> [Problem details] I would like each line of the data that holds the word "positive" copied out.

Records from a data collection:

########

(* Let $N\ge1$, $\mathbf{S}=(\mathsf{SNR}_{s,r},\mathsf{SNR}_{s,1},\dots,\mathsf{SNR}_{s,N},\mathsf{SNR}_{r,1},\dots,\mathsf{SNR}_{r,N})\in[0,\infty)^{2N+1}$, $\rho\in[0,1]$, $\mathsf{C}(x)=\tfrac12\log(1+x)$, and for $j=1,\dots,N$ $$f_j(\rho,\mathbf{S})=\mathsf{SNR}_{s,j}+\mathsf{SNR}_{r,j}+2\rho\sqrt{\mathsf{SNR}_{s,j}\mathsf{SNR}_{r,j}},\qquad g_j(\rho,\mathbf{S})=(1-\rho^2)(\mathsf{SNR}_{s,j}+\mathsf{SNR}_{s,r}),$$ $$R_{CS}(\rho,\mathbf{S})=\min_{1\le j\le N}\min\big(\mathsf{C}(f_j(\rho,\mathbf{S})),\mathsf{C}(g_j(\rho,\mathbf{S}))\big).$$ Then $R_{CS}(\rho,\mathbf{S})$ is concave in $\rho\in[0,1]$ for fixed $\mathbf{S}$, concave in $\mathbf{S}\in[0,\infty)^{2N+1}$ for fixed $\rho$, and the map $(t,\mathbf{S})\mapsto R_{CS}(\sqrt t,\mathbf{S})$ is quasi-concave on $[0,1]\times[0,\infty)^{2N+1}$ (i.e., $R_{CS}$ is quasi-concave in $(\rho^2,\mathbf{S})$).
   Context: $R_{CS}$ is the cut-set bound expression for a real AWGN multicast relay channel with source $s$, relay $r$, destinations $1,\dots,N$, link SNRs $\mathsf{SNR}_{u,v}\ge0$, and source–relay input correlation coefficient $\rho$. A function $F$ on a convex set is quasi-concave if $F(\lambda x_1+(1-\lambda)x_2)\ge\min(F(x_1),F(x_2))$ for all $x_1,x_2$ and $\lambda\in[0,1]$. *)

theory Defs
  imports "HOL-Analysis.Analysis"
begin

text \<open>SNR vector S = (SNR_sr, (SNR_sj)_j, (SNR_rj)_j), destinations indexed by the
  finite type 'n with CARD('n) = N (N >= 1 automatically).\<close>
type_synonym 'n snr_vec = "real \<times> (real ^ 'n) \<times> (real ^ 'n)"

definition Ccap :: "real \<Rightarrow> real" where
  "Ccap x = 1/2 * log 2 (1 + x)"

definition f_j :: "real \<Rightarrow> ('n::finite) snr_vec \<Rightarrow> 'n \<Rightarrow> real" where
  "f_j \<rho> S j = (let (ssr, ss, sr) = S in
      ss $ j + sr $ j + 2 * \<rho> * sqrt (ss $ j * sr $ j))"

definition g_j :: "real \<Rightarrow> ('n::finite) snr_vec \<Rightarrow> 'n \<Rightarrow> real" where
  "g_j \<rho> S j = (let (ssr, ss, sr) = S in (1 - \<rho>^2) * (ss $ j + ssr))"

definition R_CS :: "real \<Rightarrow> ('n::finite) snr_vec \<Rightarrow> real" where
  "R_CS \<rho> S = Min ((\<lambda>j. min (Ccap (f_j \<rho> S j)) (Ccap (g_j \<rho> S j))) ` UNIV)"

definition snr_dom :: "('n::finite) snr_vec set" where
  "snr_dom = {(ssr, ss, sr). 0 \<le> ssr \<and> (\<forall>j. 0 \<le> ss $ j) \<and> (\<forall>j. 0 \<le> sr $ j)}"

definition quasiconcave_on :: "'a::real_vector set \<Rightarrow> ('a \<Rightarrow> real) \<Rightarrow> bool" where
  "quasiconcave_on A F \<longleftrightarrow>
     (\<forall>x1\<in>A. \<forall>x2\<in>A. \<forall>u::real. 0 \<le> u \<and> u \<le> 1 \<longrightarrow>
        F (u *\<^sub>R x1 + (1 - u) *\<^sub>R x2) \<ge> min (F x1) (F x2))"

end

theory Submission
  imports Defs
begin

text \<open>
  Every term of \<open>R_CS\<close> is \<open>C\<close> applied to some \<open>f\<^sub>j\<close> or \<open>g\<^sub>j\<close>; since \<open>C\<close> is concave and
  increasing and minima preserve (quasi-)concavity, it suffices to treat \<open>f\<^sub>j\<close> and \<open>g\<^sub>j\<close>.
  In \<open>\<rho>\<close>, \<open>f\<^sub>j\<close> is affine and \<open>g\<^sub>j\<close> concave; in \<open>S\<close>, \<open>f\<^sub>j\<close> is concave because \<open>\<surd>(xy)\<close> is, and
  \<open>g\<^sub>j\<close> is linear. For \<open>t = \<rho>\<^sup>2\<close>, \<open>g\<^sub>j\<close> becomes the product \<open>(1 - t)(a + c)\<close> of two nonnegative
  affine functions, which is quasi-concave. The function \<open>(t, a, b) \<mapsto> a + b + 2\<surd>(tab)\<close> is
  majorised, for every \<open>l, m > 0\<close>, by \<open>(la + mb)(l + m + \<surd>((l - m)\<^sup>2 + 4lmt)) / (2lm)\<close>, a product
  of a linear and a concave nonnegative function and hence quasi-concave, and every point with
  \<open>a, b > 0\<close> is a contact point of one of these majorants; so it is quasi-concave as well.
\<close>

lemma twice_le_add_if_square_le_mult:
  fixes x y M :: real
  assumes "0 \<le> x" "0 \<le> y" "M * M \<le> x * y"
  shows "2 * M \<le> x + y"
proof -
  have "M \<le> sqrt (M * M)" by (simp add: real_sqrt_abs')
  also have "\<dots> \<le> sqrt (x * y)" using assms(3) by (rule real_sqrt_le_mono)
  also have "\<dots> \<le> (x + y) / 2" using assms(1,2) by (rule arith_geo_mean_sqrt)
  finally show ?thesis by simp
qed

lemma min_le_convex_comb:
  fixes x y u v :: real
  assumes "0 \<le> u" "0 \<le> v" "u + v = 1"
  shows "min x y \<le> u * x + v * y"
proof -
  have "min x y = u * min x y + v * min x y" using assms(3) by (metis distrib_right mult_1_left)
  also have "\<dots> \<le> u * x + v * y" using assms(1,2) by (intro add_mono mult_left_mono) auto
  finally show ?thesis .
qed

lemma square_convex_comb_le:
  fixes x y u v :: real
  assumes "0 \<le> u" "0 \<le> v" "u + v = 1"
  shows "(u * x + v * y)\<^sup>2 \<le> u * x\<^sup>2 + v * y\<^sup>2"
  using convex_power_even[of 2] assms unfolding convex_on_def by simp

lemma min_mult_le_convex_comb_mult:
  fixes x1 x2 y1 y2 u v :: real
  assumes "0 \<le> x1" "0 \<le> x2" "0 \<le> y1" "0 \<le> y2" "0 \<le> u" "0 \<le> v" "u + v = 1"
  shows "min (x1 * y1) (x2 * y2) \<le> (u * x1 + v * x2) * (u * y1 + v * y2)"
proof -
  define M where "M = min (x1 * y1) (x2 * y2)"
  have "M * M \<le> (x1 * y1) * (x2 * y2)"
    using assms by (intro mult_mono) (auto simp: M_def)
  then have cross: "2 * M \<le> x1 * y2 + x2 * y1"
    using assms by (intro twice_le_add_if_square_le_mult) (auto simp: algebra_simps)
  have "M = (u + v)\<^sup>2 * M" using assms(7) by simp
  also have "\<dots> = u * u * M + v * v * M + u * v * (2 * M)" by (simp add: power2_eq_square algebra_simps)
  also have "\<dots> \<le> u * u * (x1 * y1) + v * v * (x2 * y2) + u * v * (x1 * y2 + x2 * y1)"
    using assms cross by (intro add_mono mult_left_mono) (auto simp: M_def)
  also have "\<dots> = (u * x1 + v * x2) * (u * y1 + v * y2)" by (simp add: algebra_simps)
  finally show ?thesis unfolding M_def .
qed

########

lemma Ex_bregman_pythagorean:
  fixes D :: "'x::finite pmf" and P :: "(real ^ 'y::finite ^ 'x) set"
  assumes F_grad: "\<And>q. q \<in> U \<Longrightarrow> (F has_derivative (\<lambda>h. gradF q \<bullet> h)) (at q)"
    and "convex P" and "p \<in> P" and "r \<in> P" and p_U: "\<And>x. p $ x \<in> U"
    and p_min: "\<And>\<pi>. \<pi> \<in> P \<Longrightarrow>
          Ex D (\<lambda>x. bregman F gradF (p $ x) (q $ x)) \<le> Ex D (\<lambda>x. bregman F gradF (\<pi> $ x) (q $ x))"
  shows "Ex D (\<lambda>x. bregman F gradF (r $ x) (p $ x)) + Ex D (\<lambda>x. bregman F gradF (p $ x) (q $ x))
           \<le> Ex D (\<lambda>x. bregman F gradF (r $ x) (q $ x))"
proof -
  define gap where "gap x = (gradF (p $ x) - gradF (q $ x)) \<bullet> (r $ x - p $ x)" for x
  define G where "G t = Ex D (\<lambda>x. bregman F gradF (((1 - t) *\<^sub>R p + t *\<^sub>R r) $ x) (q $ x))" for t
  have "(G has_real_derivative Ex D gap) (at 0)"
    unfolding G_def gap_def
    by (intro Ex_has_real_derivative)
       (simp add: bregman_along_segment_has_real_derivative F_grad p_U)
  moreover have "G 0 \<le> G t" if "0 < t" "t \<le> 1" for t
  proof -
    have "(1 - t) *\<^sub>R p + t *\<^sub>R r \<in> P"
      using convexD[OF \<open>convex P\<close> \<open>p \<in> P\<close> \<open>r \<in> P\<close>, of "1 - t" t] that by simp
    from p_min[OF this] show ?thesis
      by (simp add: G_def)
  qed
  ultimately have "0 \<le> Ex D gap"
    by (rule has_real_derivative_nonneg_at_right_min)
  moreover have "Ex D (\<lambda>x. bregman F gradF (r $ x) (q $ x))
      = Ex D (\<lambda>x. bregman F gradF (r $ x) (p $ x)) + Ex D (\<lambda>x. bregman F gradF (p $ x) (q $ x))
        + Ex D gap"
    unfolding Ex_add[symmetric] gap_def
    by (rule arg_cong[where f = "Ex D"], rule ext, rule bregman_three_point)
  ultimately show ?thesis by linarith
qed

########

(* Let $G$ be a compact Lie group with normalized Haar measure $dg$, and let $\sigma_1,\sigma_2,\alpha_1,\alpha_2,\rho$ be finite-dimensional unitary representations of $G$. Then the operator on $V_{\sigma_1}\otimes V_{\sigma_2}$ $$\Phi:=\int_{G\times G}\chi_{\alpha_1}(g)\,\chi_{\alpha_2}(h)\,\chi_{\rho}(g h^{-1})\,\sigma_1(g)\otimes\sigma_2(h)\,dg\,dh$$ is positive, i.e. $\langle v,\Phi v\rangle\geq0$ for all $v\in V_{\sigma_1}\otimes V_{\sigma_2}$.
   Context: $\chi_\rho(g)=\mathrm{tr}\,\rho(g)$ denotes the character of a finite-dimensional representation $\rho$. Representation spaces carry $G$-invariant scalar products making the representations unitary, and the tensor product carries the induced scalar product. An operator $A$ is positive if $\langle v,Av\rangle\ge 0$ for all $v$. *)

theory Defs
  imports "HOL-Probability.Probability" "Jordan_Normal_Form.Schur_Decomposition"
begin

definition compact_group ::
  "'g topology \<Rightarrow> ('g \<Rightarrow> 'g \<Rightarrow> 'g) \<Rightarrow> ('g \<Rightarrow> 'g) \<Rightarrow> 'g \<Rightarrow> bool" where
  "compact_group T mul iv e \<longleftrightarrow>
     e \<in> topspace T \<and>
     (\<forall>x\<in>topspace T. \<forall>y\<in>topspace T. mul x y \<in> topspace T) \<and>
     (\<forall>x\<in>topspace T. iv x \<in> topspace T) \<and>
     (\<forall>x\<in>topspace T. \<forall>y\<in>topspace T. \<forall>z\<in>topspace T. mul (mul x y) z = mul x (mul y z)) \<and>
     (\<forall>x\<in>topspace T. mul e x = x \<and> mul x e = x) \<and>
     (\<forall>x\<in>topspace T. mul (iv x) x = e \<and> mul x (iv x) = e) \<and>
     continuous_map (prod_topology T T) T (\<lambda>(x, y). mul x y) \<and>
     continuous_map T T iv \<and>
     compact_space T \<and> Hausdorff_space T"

########

> [Answer for the task]
(* Let $G$ be a compact Lie group with normalized Haar measure $dg$, and let $\sigma_1,\sigma_2,\alpha_1,\alpha_2,\rho$ be finite-dimensional unitary representations of $G$. Then the operator on $V_{\sigma_1}\otimes V_{\sigma_2}$ $$\Phi:=\int_{G\times G}\chi_{\alpha_1}(g)\,\chi_{\alpha_2}(h)\,\chi_{\rho}(g h^{-1})\,\sigma_1(g)\otimes\sigma_2(h)\,dg\,dh$$ is positive, i.e. $\langle v,\Phi v\rangle\geq0$ for all $v\in V_{\sigma_1}\otimes V_{\sigma_2}$.
   Context: $\chi_\rho(g)=\mathrm{tr}\,\rho(g)$ denotes the character of a finite-dimensional representation $\rho$. Representation spaces carry $G$-invariant scalar products making the representations unitary, and the tensor product carries the induced scalar product. An operator $A$ is positive if $\langle v,Av\rangle\ge 0$ for all $v$. *)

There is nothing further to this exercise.